lemma teacher_answer:
  assumes "decoy_interval a b h" "wf_lpts H" "card (states H) \<le> 2"
  shows "\<exists>ans a' b'. valid_answer target H h ans \<and> decoy_interval a' b' (h @ [ans])"
proof (cases "target \<preceq>\<^sub>s H")
  case False
  then show ?thesis using positive_answer[OF assms(1)] by blast
next
  case True
  show ?thesis
  proof (cases "\<forall>c. enabled H (start H) c \<longrightarrow> c = 0")
    case False
    then obtain c \<nu> where "(start H, c, \<nu>) \<in> trans H" "c \<noteq> 0"
      by (auto simp: enabled_def)
    then show ?thesis using step_tree_answer[OF assms(1,2)] by blast
  qed (use two_level_tree_answer[OF assms True] in blast)
qed

theorem theorem6:
  shows "\<not> (\<exists>learner :: nat history \<Rightarrow> nat lpts.
             min_state_learner learner \<and>
             (\<forall>U teacher. wf_lpts U \<and> friendly_teacher U learner teacher \<longrightarrow>
                (\<exists>n. learner (hist learner teacher n) \<simeq>\<^sub>s U)))"
proof
  assume "\<exists>learner :: nat history \<Rightarrow> nat lpts.
             min_state_learner learner \<and>
             (\<forall>U teacher. wf_lpts U \<and> friendly_teacher U learner teacher \<longrightarrow>
                (\<exists>n. learner (hist learner teacher n) \<simeq>\<^sub>s U))"
  then obtain learner :: "nat history \<Rightarrow> nat lpts" where ms: "min_state_learner learner"
    and learns: "\<And>U teacher. wf_lpts U \<Longrightarrow> friendly_teacher U learner teacher \<Longrightarrow>
                   \<exists>n. learner (hist learner teacher n) \<simeq>\<^sub>s U"
    by blast
  let ?I = "\<lambda>h. \<exists>a b. decoy_interval a b h"
  have small: "wf_lpts (learner h) \<and> card (states (learner h)) \<le> 2" if "?I h" for h
    using that min_state_learner_card_le[OF ms] decoy_interval_consistent by fastforce
  have init: "?I []" using decoy_interval_Nil by blast
  have answer: "\<exists>ans. valid_answer target (learner h) h ans \<and> ?I (h @ [ans])" if "?I h" for h
    using that small teacher_answer by meson
  obtain teacher where friendly: "friendly_teacher target learner teacher"
    and inv: "\<And>n. ?I (hist learner teacher n)"
    using friendly_teacher_from_invariant[of ?I, OF init answer] by blast
  obtain n where "learner (hist learner teacher n) \<simeq>\<^sub>s target"
    using learns[OF wf_target friendly] by blast
  then show False
    using card_states_ge_3_if_sim_equiv_target small[OF inv[of n]] by fastforce
qed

========================================================================

* To do
Nothing but the lines from the one with "enabled H (start" through the last line of the records above should be retyped, and those word for word.

* Answer below
  proof (cases "\<forall>c. enabled H (start H) c \<longrightarrow> c = 0")
    case False
    then obtain c \<nu> where "(start H, c, \<nu>) \<in> trans H" "c \<noteq> 0"
      by (auto simp: enabled_def)
    then show ?thesis using step_tree_answer[OF assms(1,2)] by blast
  qed (use two_level_tree_answer[OF assms True] in blast)
qed

theorem theorem6:
  shows "\<not> (\<exists>learner :: nat history \<Rightarrow> nat lpts.
             min_state_learner learner \<and>
             (\<forall>U teacher. wf_lpts U \<and> friendly_teacher U learner teacher \<longrightarrow>
                (\<exists>n. learner (hist learner teacher n) \<simeq>\<^sub>s U)))"
proof
  assume "\<exists>learner :: nat history \<Rightarrow> nat lpts.
             min_state_learner learner \<and>
             (\<forall>U teacher. wf_lpts U \<and> friendly_teacher U learner teacher \<longrightarrow>
                (\<exists>n. learner (hist learner teacher n) \<simeq>\<^sub>s U))"
  then obtain learner :: "nat history \<Rightarrow> nat lpts" where ms: "min_state_learner learner"
    and learns: "\<And>U teacher. wf_lpts U \<Longrightarrow> friendly_teacher U learner teacher \<Longrightarrow>
                   \<exists>n. learner (hist learner teacher n) \<simeq>\<^sub>s U"
    by blast
  let ?I = "\<lambda>h. \<exists>a b. decoy_interval a b h"
  have small: "wf_lpts (learner h) \<and> card (states (learner h)) \<le> 2" if "?I h" for h
    using that min_state_learner_card_le[OF ms] decoy_interval_consistent by fastforce
  have init: "?I []" using decoy_interval_Nil by blast
  have answer: "\<exists>ans. valid_answer target (learner h) h ans \<and> ?I (h @ [ans])" if "?I h" for h
    using that small teacher_answer by meson
  obtain teacher where friendly: "friendly_teacher target learner teacher"
    and inv: "\<And>n. ?I (hist learner teacher n)"
    using friendly_teacher_from_invariant[of ?I, OF init answer] by blast
  obtain n where "learner (hist learner teacher n) \<simeq>\<^sub>s target"
    using learns[OF wf_target friendly] by blast
  then show False
    using card_states_ge_3_if_sim_equiv_target small[OF inv[of n]] by fastforce
qed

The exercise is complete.